Speaker: Mario Guarcello (INAF)
Titolo: “EWOCS: status of the project.”
Abstract: “The EWOCS project has the objective of studying star and planet formation, and early stellar evolution, in very young massive clusters (VYMCs). With a mass in excess of 10^4 solar masses, the very few VYMCs known in the Milky Way represent the most accessible examples of starburst regions, which are very rare in our Galaxy today, but common in galaxies experiencing epochs of intense star formation. These regions are characterized by very high stellar density, and they are dominated by a rich and compact ensemble of massive stars that produce an environment dominated by energetic radiation and particles. With a distance of 3.87 kpc and 4.5 kpc, respectively, the Westerlund 1 and 2 clusters are the closest VYMCs to the Sun, and thus the best targets to study how stars and planets form in the most energetic star forming environment known. In this talk, I will present the status and the preliminary results of the EWOCS project, which is mainly based on a 1Msec Chandra/ACIS-I Large Project and a cycle 1 JWST observation of Westerlund 1, a cycle 2 JWST observation of Westerlund 2, and other data at high spatial resolution of the two clusters.”

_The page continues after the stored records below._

definition herm_dual :: "('a::comm_ring_1 \<Rightarrow> 'a) \<Rightarrow> (('g::finite \<Rightarrow> 'a) \<times> ('g \<Rightarrow> 'a)) set \<Rightarrow> (('g \<Rightarrow> 'a) \<times> ('g \<Rightarrow> 'a)) set" where
  "herm_dual cj C = {y. \<forall>x\<in>C. herm cj x y = 0}"

definition herm_LCD :: "('a::comm_ring_1 \<Rightarrow> 'a) \<Rightarrow> (('g::finite \<Rightarrow> 'a) \<times> ('g \<Rightarrow> 'a)) set \<Rightarrow> bool" where
  "herm_LCD cj C \<longleftrightarrow> C \<inter> herm_dual cj C = {((\<lambda>_. 0), (\<lambda>_. 0))}"

definition red_pair :: "('s \<Rightarrow> 'f) \<Rightarrow> ('g \<Rightarrow> 's) \<times> ('g \<Rightarrow> 's) \<Rightarrow> ('g \<Rightarrow> 'f) \<times> ('g \<Rightarrow> 'f)" where
  "red_pair p x = (p \<circ> fst x, p \<circ> snd x)"

end

theory Submission
  imports Defs "HOL-Number_Theory.Cong" "HOL-Computational_Algebra.Polynomial"
begin

(* Write C_{1,d} = {(u, u d)} and d^*(g) = sigma(d(-g)).  Moving u d across the form gives
   <(u, u d), (v, v d)> = sum_h u_h sigma((v (1 + d d^* ))_h), so C_{1,d} is Hermitian LCD iff
   1 + d d^* is a unit of SG, and likewise over F for the involution x -> x^q.

   The residue map intertwines sigma with x -> x^q: sigma induces an automorphism of F of order 2
   whose fixed field is the image of R, of size q.  Hence pi(1 + d d^* ) = 1 + pi(d) pi(d)^*.
   Units lift along pi, because its kernel consists of elements with all coefficients in the
   maximal ideal, which is principal with nilpotent generator; and pi(C_{1,d}) = C_{1,pi(d)}
   holds simply because pi is onto. *)

abbreviation conv_one :: "'g::{ab_group_add,finite} \<Rightarrow> 'a::comm_ring_1" where
  "conv_one \<equiv> (\<lambda>g. if g = 0 then 1 else 0)"

lemma conv_commute: "conv u v = conv v u"
proof (rule ext)
  fix g
  show "conv u v g = conv v u g"
    unfolding conv_def
    by (rule sum.reindex_bij_witness[of _ "\<lambda>k. g - k" "\<lambda>k. g - k"]) (auto simp: mult.commute)
qed

lemma conv_assoc: "conv (conv u v) w = conv u (conv v w)"
proof (rule ext)
  fix g
  have "conv (conv u v) w g = (\<Sum>h\<in>UNIV. \<Sum>k\<in>UNIV. u k * v (h - k) * w (g - h))"
    unfolding conv_def by (simp add: sum_distrib_right)
  also have "\<dots> = (\<Sum>k\<in>UNIV. \<Sum>h\<in>UNIV. u k * v (h - k) * w (g - h))"
    by (rule sum.swap)
  also have "\<dots> = (\<Sum>k\<in>UNIV. \<Sum>j\<in>UNIV. u k * v j * w (g - k - j))"
  proof (rule sum.cong[OF refl])
    fix k
    show "(\<Sum>h\<in>UNIV. u k * v (h - k) * w (g - h)) = (\<Sum>j\<in>UNIV. u k * v j * w (g - k - j))"
      by (rule sum.reindex_bij_witness[of _ "\<lambda>j. j + k" "\<lambda>h. h - k"]) (auto simp: algebra_simps)
  qed
  also have "\<dots> = conv u (conv v w) g"
    unfolding conv_def by (simp add: sum_distrib_left mult.assoc)
  finally show "conv (conv u v) w g = conv u (conv v w) g" .
qed

lemma conv_one_right [simp]: "conv u conv_one = u"
  unfolding conv_def by (simp add: if_distrib cong: if_cong)

lemma conv_zero_left [simp]: "conv (\<lambda>_. 0) u = (\<lambda>_. 0)"
  and conv_zero_right [simp]: "conv u (\<lambda>_. 0) = (\<lambda>_. 0)"
  unfolding conv_def by simp_all

lemma conv_add_right: "conv u (\<lambda>g. v g + w g) = (\<lambda>g. conv u v g + conv u w g)"
  unfolding conv_def by (simp add: algebra_simps sum.distrib)

lemma conv_diff_left: "conv (\<lambda>g. u g - v g) w = (\<lambda>g. conv u w g - conv v w g)"
  and conv_diff_right: "conv u (\<lambda>g. v g - w g) = (\<lambda>g. conv u v g - conv u w g)"
  unfolding conv_def by (simp_all add: algebra_simps sum_subtractf)

lemma conv_scale_left: "conv (\<lambda>g. c * u g) v = (\<lambda>g. c * conv u v g)"
  and conv_scale_right: "conv u (\<lambda>g. c * v g) = (\<lambda>g. c * conv u v g)"
  unfolding conv_def by (simp_all add: sum_distrib_left mult_ac)

lemma conv_inj_iff_right_inverse:
  fixes E :: "'g::{ab_group_add,finite} \<Rightarrow> 'a::{comm_ring_1,finite}"
  shows "(\<forall>v. conv v E = (\<lambda>_. 0) \<longrightarrow> v = (\<lambda>_. 0)) \<longleftrightarrow> (\<exists>w. conv E w = conv_one)"
proof
  assume kernel: "\<forall>v. conv v E = (\<lambda>_. 0) \<longrightarrow> v = (\<lambda>_. 0)"
  have "inj (\<lambda>v. conv v E)"
  proof (rule injI)
    fix x y assume "conv x E = conv y E"
    then have "conv (\<lambda>g. x g - y g) E = (\<lambda>_. 0)" by (simp add: conv_diff_left)
    with kernel show "x = y" by (auto simp: fun_eq_iff)
  qed
  then have "surj (\<lambda>v. conv v E)" by (rule finite_UNIV_inj_surj[OF finite_UNIV])
  then obtain w where "conv w E = conv_one" by (metis surjD)
  then show "\<exists>w. conv E w = conv_one" by (metis conv_commute)
next
  assume "\<exists>w. conv E w = conv_one"
  then obtain w where w: "conv E w = conv_one" by blast
  show "\<forall>v. conv v E = (\<lambda>_. 0) \<longrightarrow> v = (\<lambda>_. 0)"
  proof (intro allI impI)
    fix v assume "conv v E = (\<lambda>_. 0)"
    then have "conv (conv v E) w = (\<lambda>_. 0)" by simp
    then show "v = (\<lambda>_. 0)" by (simp add: conv_assoc w)
  qed
qed

lemma conv_fixed_by_nilpotent_multiple:
  assumes nilpotent: "\<gamma> ^ K = 0" and fixed: "v = conv v (\<lambda>g. \<gamma> * z g)"
  shows "v = (\<lambda>_. 0)"
proof -
  have "\<exists>w. v = (\<lambda>g. \<gamma> ^ k * w g)" for k
  proof (induction k)
    case 0
    show ?case by auto
  next
    case (Suc k)
    then obtain w where w: "v = (\<lambda>g. \<gamma> ^ k * w g)" by blast
    have "v = conv v (\<lambda>g. \<gamma> * z g)" by (rule fixed)
    also have "\<dots> = (\<lambda>g. \<gamma> ^ Suc k * conv w z g)"
      by (subst w) (simp add: conv_scale_left conv_scale_right, simp add: mult_ac)
    finally show ?case by blast
  qed
  then obtain w where "v = (\<lambda>g. \<gamma> ^ K * w g)" by blast
  with nilpotent show ?thesis by simp
qed

lemma ring_hom_fun_add: "ring_hom_fun f \<Longrightarrow> f (x + y) = f x + f y"
  and ring_hom_fun_mult: "ring_hom_fun f \<Longrightarrow> f (x * y) = f x * f y"
  and ring_hom_fun_1: "ring_hom_fun f \<Longrightarrow> f 1 = 1"
  unfolding ring_hom_fun_def by simp_all

lemma ring_hom_fun_0: "ring_hom_fun f \<Longrightarrow> f 0 = 0"
  using ring_hom_fun_add[of f 0 0] by simp

lemma ring_hom_fun_diff: "ring_hom_fun f \<Longrightarrow> f (x - y) = f x - f y"
  using ring_hom_fun_add[of f "x - y" y] by (simp add: eq_diff_eq)

lemma ring_hom_fun_sum: "ring_hom_fun f \<Longrightarrow> f (sum h A) = (\<Sum>a\<in>A. f (h a))"
  by (induction A rule: infinite_finite_induct) (simp_all add: ring_hom_fun_0 ring_hom_fun_add)

lemma ring_hom_fun_conv: "ring_hom_fun f \<Longrightarrow> f \<circ> conv u v = conv (f \<circ> u) (f \<circ> v)"
  unfolding conv_def comp_def by (simp add: ring_hom_fun_sum ring_hom_fun_mult)

lemma ring_hom_fun_conv_one: "ring_hom_fun f \<Longrightarrow> f \<circ> conv_one = conv_one"
  by (auto simp: fun_eq_iff ring_hom_fun_0 ring_hom_fun_1)

lemma qa_code_one: "qa_code conv_one d = {(u, conv u d) | u. True}"
  unfolding qa_code_def by simp

lemma red_pair_qa_code:
  assumes "ring_hom_fun p" and "surj p"
  shows "red_pair p ` qa_code c d = qa_code (p \<circ> c) (p \<circ> d)"
proof
  show "red_pair p ` qa_code c d \<subseteq> qa_code (p \<circ> c) (p \<circ> d)"
    unfolding qa_code_def red_pair_def by (auto simp: ring_hom_fun_conv[OF assms(1)])
  show "qa_code (p \<circ> c) (p \<circ> d) \<subseteq> red_pair p ` qa_code c d"
  proof
    fix x assume "x \<in> qa_code (p \<circ> c) (p \<circ> d)"
    then obtain v where x: "x = (conv v (p \<circ> c), conv v (p \<circ> d))" unfolding qa_code_def by blast
    have "p \<circ> (inv p \<circ> v) = v" using surj_f_inv_f[OF assms(2)] by (simp add: fun_eq_iff)
    then have "red_pair p (conv (inv p \<circ> v) c, conv (inv p \<circ> v) d) = x"
      unfolding red_pair_def x by (simp add: ring_hom_fun_conv[OF assms(1)])
    then show "x \<in> red_pair p ` qa_code c d" unfolding qa_code_def by blast
  qed
qed
(* Let $\ell\in\mathbb{N}$, $h\in\bigwedge(V_{2\ell}^* )$, and let $G$ be an Eulerian graph. Then the value $s_h((G,\omega,\kappa))$ is the same for every Eulerian orientation $\omega$ of $G$ and every local ordering $\kappa$ compatible with $\omega$.
   Context: Graphs may have loops and multiple edges; a graph is Eulerian if every vertex has even degree. $V_{2\ell}=\mathbb{C}^{2\ell}$ with standard basis $e_1,\dots,e_{2\ell}$; $f_i=-e_{i+\ell}$ for $i\le\ell$, $f_i=e_{i-\ell}$ for $i>\ell$. $\bigwedge(V_{2\ell}^* )=\bigoplus_{n=0}^{2\ell}\bigwedge^n(V_{2\ell}^* )$, and $h$ applied to an $n$-fold tensor means its component $h^n\in\bigwedge^n(V_{2\ell}^* )$ (a skew-symmetric $n$-linear form) applied to it. An Eulerian orientation $\omega$ orients each edge so each vertex has equal in- and out-degree (a loop contributes one incoming and one outgoing arc). A local ordering $\kappa$ compatible with $\omega$ consists, at each vertex $v$ of degree $d(v)$, of bijections $\kappa_v^-:\delta^-(v)\to\{1,3,\dots,d(v)-1\}$ (incoming arcs) and $\kappa_v^+:\delta^+(v)\to\{2,4,\dots,d(v)\}$ (outgoing arcs); $\kappa_v^{-1}(i)$ denotes the arc at $v$ with label $i$. $\kappa$ decomposes the edge set uniquely into closed walks $(v_1,a_1,\dots,a_i,v_i,a_{i+1},\dots,v_1)$ with $\kappa^-_{v_i}(a_i)+1=\kappa^+_{v_i}(a_{i+1})$ ($\kappa$-circuits); $c(G,\kappa)$ is their number. Define $s_h((G,\omega,\kappa))=(-1)^{c(G,\kappa)}\sum_{\phi:E(G)\to[2\ell]}\prod_{v\in V(G)} h\big(\bigotimes_{i=1,3,\dots,d(v)-1} e_{\phi(\kappa_v^{-1}(i))}\otimes f_{\phi(\kappa_v^{-1}(i+1))}\big)$. *)

theory Defs
  imports Complex_Main "HOL-Library.FuncSet"
begin

text \<open>Vectors of V_{2l} = C^{2l} are functions nat => complex supported on {1..2l}.\<close>

definition vecs :: "nat \<Rightarrow> (nat \<Rightarrow> complex) set" where
  "vecs l = {v. \<forall>j. j \<notin> {1..2*l} \<longrightarrow> v j = 0}"

definition ebasis :: "nat \<Rightarrow> nat \<Rightarrow> complex" where
  "ebasis i = (\<lambda>j. if j = i then 1 else 0)"

definition fbasis :: "nat \<Rightarrow> nat \<Rightarrow> nat \<Rightarrow> complex" where
  "fbasis l i = (if i \<le> l then (\<lambda>j. - ebasis (i + l) j) else ebasis (i - l))"

text \<open>An element h of the exterior algebra of the dual: h n is its degree-n component,
  a skew-symmetric n-linear form on V_{2l}, applied to lists of n vectors.\<close>

definition multilinear_form :: "nat \<Rightarrow> nat \<Rightarrow> ((nat \<Rightarrow> complex) list \<Rightarrow> complex) \<Rightarrow> bool" where
  "multilinear_form l n H \<longleftrightarrow>
     (\<forall>xs k u w a b. length xs = n \<and> set xs \<subseteq> vecs l \<and> k < n \<and> u \<in> vecs l \<and> w \<in> vecs l \<longrightarrow>
        H (xs[k := (\<lambda>j. a * u j + b * w j)]) = a * H (xs[k := u]) + b * H (xs[k := w]))"
lemma covers_zeta_coset:
  "covers n FX adjX
     (coset_flags n (\<eta> y0 ` (stab m adjY y0 \<inter> stab m adjY (snd (\<gamma> (x0, y0))))))
     (coset_adj n)"
proof (rule covers_coset_flags[OF _ _ X(1,3) _ X(2)])
  let ?S = "stab m adjY y0 \<inter> stab m adjY (snd (\<gamma> (x0, y0)))"
  show "\<eta> y0 ` ?S \<subseteq> words n"
    using voltage_words[OF voltage Y(3)] unfolding stab_def by blast
  show "\<exists>k\<in>\<eta> y0 ` ?S. cox_eq n (k1 @ k2) k" if k: "k1 \<in> \<eta> y0 ` ?S" "k2 \<in> \<eta> y0 ` ?S" for k1 k2
  proof -
    obtain \<omega>1 where \<omega>1: "k1 = \<eta> y0 \<omega>1" "\<omega>1 \<in> ?S"
      using k(1) by (rule imageE)
    obtain \<omega>2 where \<omega>2: "k2 = \<eta> y0 \<omega>2" "\<omega>2 \<in> ?S"
      using k(2) by (rule imageE)
    have "cox_eq n (\<eta> y0 (\<omega>1 @ \<omega>2)) (k1 @ k2)"
      using \<omega>1 \<omega>2 voltage_append[OF voltage Y(3), of \<omega>2 \<omega>1] by (simp add: stab_def)
    then have "cox_eq n (k1 @ k2) (\<eta> y0 (\<omega>1 @ \<omega>2))"
      by (rule cox_eq.sym)
    moreover have "\<omega>1 @ \<omega>2 \<in> ?S"
      using \<omega>1(2) \<omega>2(2) by (simp add: stab_append)
    ultimately show ?thesis
      by blast
  qed
  show "\<exists>k\<in>\<eta> y0 ` ?S. cox_eq n h k" if "h \<in> stab n adjX x0" for h
    using stab_le_zeta_image[OF that] by blast
qed

lemma lift_is_aut:
  assumes lift: "is_lift FX FY \<gamma> \<tau>" and lift_inv: "is_lift FX FY (inv_into flags \<gamma>) \<tau>'"
  shows "is_aut m FY adjY \<tau>"
proof -
  have bij: "bij_betw \<gamma> flags flags"
    using aut by (simp add: is_aut_def)
  have flag: "(x0, y) \<in> flags" if "y \<in> FY" for y
    using X(3) that by (simp add: mix_flags_def)
  have \<tau>: "\<tau> y = snd (\<gamma> (x0, y))" if "y \<in> FY" for y
    using is_lift_snd[OF lift flag[OF that]] by simp
  have \<tau>': "\<tau>' y = snd (inv_into flags \<gamma> (x0, y))" if "y \<in> FY" for y
    using is_lift_snd[OF lift_inv flag[OF that]] by simp
  have inv_in: "inv_into flags \<gamma> p \<in> flags" if "p \<in> flags" for p
    using bij that by (simp add: bij_betw_def inv_into_into)
  have "bij_betw \<tau> FY FY"
  proof (rule bij_betw_byWitness[where f' = \<tau>'])
    show "\<forall>y\<in>FY. \<tau>' (\<tau> y) = y"
      using \<tau> is_lift_snd[OF lift_inv aut_in[OF flag]] bij flag
      by (simp add: bij_betw_def inv_into_f_f)
    show "\<forall>y\<in>FY. \<tau> (\<tau>' y) = y"
      using \<tau>' is_lift_snd[OF lift inv_in[OF flag]] bij flag
      by (simp add: bij_betw_def f_inv_into_f)
    show "\<tau> ` FY \<subseteq> FY"
      using \<tau> aut_in[OF flag] by (force simp: mix_flags_def mem_Times_iff)
    show "\<tau>' ` FY \<subseteq> FY"
      using \<tau>' inv_in[OF flag] by (force simp: mix_flags_def mem_Times_iff)
  qed
  moreover have "\<tau> (adjY i y) = adjY i (\<tau> y)" if "i < m" "y \<in> FY" for i y
  proof -
    have "\<tau> (adjY i y) = snd (\<gamma> (adj i (x0, y)))"
      using is_lift_snd[OF lift adj_in[OF that(1) flag[OF that(2)]]] by (simp add: mix_adj_def)
    also have "\<dots> = snd (adj i (\<gamma> (x0, y)))"
      using aut that(1) flag[OF that(2)] unfolding is_aut_def by simp
    also have "\<dots> = adjY i (\<tau> y)"
      using \<tau>[OF that(2)] by (simp add: mix_adj_def)
    finally show ?thesis .
  qed
  ultimately show ?thesis
    by (simp add: is_aut_def)
qed

end

end

locale voltage_product_no_cover = voltage_product +
  assumes no_cover: "\<And>\<upsilon>. \<upsilon> \<in> words m \<Longrightarrow> \<not> in_normaliser m (stab m adjY y0) \<upsilon> \<Longrightarrow>
    \<not> covers n FX adjX
      (coset_flags n (\<eta> y0 ` (stab m adjY y0 \<inter> conj_set m (stab m adjY y0) \<upsilon>)))
      (coset_adj n)"
begin

context
  fixes \<gamma>
  assumes aut: "is_aut m flags adj \<gamma>"
begin

lemma stab_snd_aut_base: "stab m adjY (snd (\<gamma> (x0, y0))) = stab m adjY y0"
proof -
  obtain \<psi> where \<psi>: "\<psi> \<in> words m" "act adj \<psi> (x0, y0) = \<gamma> (x0, y0)"
    using flags_reachable[OF aut_in[OF aut base_flag_in]] by blast
  then have "snd (\<gamma> (x0, y0)) = act adjY \<psi> y0"
    by (metis snd_act_mix_adj snd_conv)
  then have conj: "conj_set m (stab m adjY y0) (rev \<psi>) = stab m adjY (snd (\<gamma> (x0, y0)))"
    using conj_set_rev_stab[OF premaniplex_Y \<psi>(1) Y(3)] by simp
  have "in_normaliser m (stab m adjY y0) (rev \<psi>)"
    using no_cover[of "rev \<psi>"] covers_zeta_coset[OF aut] conj \<psi>(1) by auto
  then show ?thesis
    using conj by (simp add: in_normaliser_def)
qed

lemma aut_is_lift: "is_lift FX FY \<gamma> (\<lambda>y. snd (\<gamma> (x0, y)))"
  unfolding is_lift_def
proof (intro ballI)
  fix x y assume "x \<in> FX" "y \<in> FY"
  define y1 where "y1 = snd (\<gamma> (x0, y0))"
  have y1: "y1 \<in> FY"
    using aut_in[OF aut base_flag_in] by (auto simp: y1_def mix_flags_def)
  have reached: "snd (\<gamma> p) = act adjY w y1 \<and> act adjY w y0 = snd p"
    if "w \<in> words m" "act adj w (x0, y0) = p" for w p
    using snd_aut_act[OF aut that(1) base_flag_in] snd_act_mix_adj[of adjX adjY \<eta> w "(x0, y0)"]
      that by (simp add: y1_def)
  obtain \<alpha> \<beta> where \<alpha>: "\<alpha> \<in> words m" "act adj \<alpha> (x0, y0) = (x, y)"
    and \<beta>: "\<beta> \<in> words m" "act adj \<beta> (x0, y0) = (x0, y)"
    using flags_reachable \<open>x \<in> FX\<close> \<open>y \<in> FY\<close> X(3) by (metis mem_Sigma_iff mix_flags_def)
  have "rev \<beta> @ \<alpha> \<in> stab m adjY y0"
    using reached[OF \<alpha>] reached[OF \<beta>] premaniplex_act_rev[OF premaniplex_Y \<beta>(1) Y(3)]
      \<alpha>(1) \<beta>(1) by (simp add: stab_def act_append)
  then have "rev \<beta> @ \<alpha> \<in> stab m adjY y1"
    by (simp add: stab_snd_aut_base y1_def)
  then have "act adjY (rev \<beta>) (act adjY \<alpha> y1) = y1"
    by (simp add: stab_def act_append)
  then have "act adjY \<alpha> y1 = act adjY \<beta> y1"
    using premaniplex_act_act_rev[OF premaniplex_Y \<beta>(1) premaniplex_act_in[OF premaniplex_Y \<alpha>(1) y1]]
    by simp
  then show "snd (\<gamma> (x, y)) = snd (\<gamma> (x0, y))"
    using reached[OF \<alpha>] reached[OF \<beta>] by simp
qed

end

end

theorem theorem6p9:
  fixes n m :: nat
    and FX :: "'a set" and adjX :: "nat \<Rightarrow> 'a \<Rightarrow> 'a" and x0 :: 'a
    and FY :: "'b set" and adjY :: "nat \<Rightarrow> 'b \<Rightarrow> 'b" and y0 :: 'b
    and \<eta> :: "'b \<Rightarrow> nat list \<Rightarrow> nat list"
  assumes X: "premaniplex n FX adjX" "connected_pm n FX adjX" "x0 \<in> FX"
    and Y: "voltage_operator n m FY adjY \<eta>" "preserves_connectivity n m FY adjY \<eta>" "y0 \<in> FY"
    and nocover: "\<forall>\<upsilon>\<in>words m. \<not> in_normaliser m (stab m adjY y0) \<upsilon> \<longrightarrow>
        (let L = stab m adjY y0;
             \<zeta> = \<eta> y0;
             K = \<zeta> ` (L \<inter> conj_set m L \<upsilon>)
         in \<not> covers n FX adjX (coset_flags n K) (coset_adj n))"
  shows "\<forall>\<gamma>. is_aut m (mix_flags FX FY) (mix_adj adjX adjY \<eta>) \<gamma> \<longrightarrow>
           (\<exists>\<tau>. is_aut m FY adjY \<tau> \<and> is_lift FX FY \<gamma> \<tau>)"
proof (intro allI impI)
  interpret voltage_product_no_cover n m FX adjX x0 FY adjY y0 \<eta>
    using X Y nocover by unfold_locales (auto simp: Let_def)
  fix \<gamma> assume aut: "is_aut m flags adj \<gamma>"
  have aut_inv: "is_aut m flags adj (inv_into flags \<gamma>)"
    by (rule is_aut_inv_into[OF aut adj_in])
  show "\<exists>\<tau>. is_aut m FY adjY \<tau> \<and> is_lift FX FY \<gamma> \<tau>"
    using lift_is_aut[OF aut aut_is_lift[OF aut] aut_is_lift[OF aut_inv]] aut_is_lift[OF aut]
    by blast
qed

Google meet: https://meet.google.com/sxz-cctp-tsc?pli=1&authuser=1
Speaker: Maria Kopsacheili (ICE-CSIC)
Titolo: New larger sample of Supernova Remnants in NGC 7793, using MUSE IFS.
Abstract: Study of Supernova Remnant (SNR) demographics and their physical properties (density, temperature, shock velocities) is very important in order to understand their role in galaxies. Many photometric and spectroscopic studies of SNRs have been carried out in our Galaxy but also in extragalactic environments. The most common means for the SNR identification in the optical regime, is the use of the flux ratio of the [S II] (λλ6717, 6731) to Hα (λ6563) emission lines. However, this diagnostic is biased against low excitation SNRs. For this reason, we have developed new diagnostics that combine 2 and 3 emission line ratios along with a Support Vector Machine model, that efficiently differentiate SNRs from HII regions. These diagnostics recover up to 35% of the SNRs that we miss using the traditional diagnostic tool, which is very important in order to obtain more complete samples of SNRs (i.e. SNRs of different physical properties) and consequently to more efficiently explore the feedback processes to the host galaxy. We present the application of these diagnostics on Integral Field Unit (IFU) data of the galaxy NGC 7793. We identify new SNR populations, we construct the distributions of their physical properties and their luminosity functions. Finally, we explore possible correlations between properties of SNRs and those of their environment.